- [Work instructions]: Could you filter the records below and keep only the lines with the word "shows"?

[Provided entries — start]

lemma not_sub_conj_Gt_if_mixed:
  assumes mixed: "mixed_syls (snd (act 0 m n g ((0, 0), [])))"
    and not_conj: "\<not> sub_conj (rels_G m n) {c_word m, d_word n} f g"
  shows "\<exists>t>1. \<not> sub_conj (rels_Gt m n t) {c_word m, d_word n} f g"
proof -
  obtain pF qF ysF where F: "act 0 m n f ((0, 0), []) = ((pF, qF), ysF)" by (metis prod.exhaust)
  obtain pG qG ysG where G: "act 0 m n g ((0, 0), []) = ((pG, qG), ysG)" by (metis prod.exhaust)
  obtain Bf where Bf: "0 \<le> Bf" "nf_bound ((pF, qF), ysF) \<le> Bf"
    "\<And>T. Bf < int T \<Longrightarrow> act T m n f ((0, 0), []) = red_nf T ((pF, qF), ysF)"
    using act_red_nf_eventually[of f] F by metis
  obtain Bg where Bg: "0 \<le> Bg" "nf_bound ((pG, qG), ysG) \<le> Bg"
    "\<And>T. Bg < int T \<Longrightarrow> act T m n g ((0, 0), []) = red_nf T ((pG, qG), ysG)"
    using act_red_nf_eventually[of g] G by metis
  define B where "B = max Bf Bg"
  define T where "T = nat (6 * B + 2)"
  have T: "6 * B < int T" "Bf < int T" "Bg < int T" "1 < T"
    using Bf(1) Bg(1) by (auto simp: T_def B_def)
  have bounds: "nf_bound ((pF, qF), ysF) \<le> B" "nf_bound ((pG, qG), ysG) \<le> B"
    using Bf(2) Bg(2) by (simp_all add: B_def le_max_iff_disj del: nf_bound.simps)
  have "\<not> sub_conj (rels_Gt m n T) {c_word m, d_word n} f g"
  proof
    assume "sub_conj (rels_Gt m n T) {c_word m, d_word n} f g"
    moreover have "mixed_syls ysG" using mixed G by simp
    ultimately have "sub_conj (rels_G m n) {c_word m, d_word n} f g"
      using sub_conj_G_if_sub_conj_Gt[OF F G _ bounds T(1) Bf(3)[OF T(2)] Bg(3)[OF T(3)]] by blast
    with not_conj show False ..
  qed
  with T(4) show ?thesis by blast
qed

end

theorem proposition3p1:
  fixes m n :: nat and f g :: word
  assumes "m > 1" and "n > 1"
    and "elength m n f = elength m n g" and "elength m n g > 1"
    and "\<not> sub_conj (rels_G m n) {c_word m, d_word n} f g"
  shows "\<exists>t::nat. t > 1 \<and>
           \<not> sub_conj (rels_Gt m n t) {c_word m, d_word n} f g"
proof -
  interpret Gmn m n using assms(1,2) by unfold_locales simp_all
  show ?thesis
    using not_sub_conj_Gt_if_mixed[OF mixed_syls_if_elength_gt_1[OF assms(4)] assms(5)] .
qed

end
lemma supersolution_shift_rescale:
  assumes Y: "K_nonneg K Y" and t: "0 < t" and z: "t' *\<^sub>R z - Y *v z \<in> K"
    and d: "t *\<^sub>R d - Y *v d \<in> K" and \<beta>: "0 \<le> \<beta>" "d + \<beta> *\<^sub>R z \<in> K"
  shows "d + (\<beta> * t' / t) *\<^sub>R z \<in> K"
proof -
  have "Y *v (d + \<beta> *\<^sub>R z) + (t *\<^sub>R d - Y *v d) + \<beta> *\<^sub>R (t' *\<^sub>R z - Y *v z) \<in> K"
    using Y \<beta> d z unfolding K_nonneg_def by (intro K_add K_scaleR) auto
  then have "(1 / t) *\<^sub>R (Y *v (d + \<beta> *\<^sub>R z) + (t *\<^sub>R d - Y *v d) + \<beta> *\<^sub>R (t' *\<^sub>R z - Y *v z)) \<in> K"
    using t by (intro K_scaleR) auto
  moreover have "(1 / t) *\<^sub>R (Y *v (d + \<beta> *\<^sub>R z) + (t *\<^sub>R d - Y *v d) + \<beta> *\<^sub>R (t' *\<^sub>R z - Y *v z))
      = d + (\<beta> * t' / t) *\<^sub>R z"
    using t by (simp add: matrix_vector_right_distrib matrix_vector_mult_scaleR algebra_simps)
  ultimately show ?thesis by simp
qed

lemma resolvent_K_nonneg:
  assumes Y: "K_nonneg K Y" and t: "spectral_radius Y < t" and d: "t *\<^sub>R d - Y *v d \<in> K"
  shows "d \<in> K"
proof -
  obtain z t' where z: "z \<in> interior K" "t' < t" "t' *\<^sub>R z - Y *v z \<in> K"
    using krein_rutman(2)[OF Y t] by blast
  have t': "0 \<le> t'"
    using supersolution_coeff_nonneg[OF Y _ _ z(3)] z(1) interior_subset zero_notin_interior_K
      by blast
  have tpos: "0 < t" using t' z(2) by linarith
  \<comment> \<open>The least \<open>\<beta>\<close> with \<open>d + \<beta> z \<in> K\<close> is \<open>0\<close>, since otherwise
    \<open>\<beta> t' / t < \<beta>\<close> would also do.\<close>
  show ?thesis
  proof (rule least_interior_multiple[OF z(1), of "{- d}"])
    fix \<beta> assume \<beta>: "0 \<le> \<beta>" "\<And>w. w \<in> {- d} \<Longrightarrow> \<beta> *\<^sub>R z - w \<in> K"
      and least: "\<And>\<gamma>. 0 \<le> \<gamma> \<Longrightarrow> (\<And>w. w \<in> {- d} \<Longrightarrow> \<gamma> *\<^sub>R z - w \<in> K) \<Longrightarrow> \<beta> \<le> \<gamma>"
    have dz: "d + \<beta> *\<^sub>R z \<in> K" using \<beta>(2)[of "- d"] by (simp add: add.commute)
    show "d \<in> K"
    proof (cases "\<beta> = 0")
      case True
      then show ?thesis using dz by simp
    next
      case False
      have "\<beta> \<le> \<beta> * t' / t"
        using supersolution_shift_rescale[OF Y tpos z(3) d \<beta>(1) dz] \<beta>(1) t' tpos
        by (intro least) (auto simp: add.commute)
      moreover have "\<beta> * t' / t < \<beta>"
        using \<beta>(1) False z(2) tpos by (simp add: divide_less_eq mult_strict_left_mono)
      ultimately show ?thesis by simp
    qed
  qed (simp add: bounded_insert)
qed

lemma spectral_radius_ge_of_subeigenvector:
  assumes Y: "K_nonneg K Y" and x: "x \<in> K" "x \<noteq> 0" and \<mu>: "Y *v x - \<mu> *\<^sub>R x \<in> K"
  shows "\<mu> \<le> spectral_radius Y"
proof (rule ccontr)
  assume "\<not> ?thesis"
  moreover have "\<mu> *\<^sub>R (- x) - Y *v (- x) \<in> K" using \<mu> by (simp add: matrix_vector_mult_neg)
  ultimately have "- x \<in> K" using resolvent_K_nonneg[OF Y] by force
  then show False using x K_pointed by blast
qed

[Provided entries — finish]

- [Solution for this problem]:
  shows "\<exists>t>1. \<not> sub_conj (rels_Gt m n t) {c_word m, d_word n} f g"
  shows "\<exists>t::nat. t > 1 \<and>
  shows "d + (\<beta> * t' / t) *\<^sub>R z \<in> K"
  shows "d \<in> K"
  shows "\<mu> \<le> spectral_radius Y"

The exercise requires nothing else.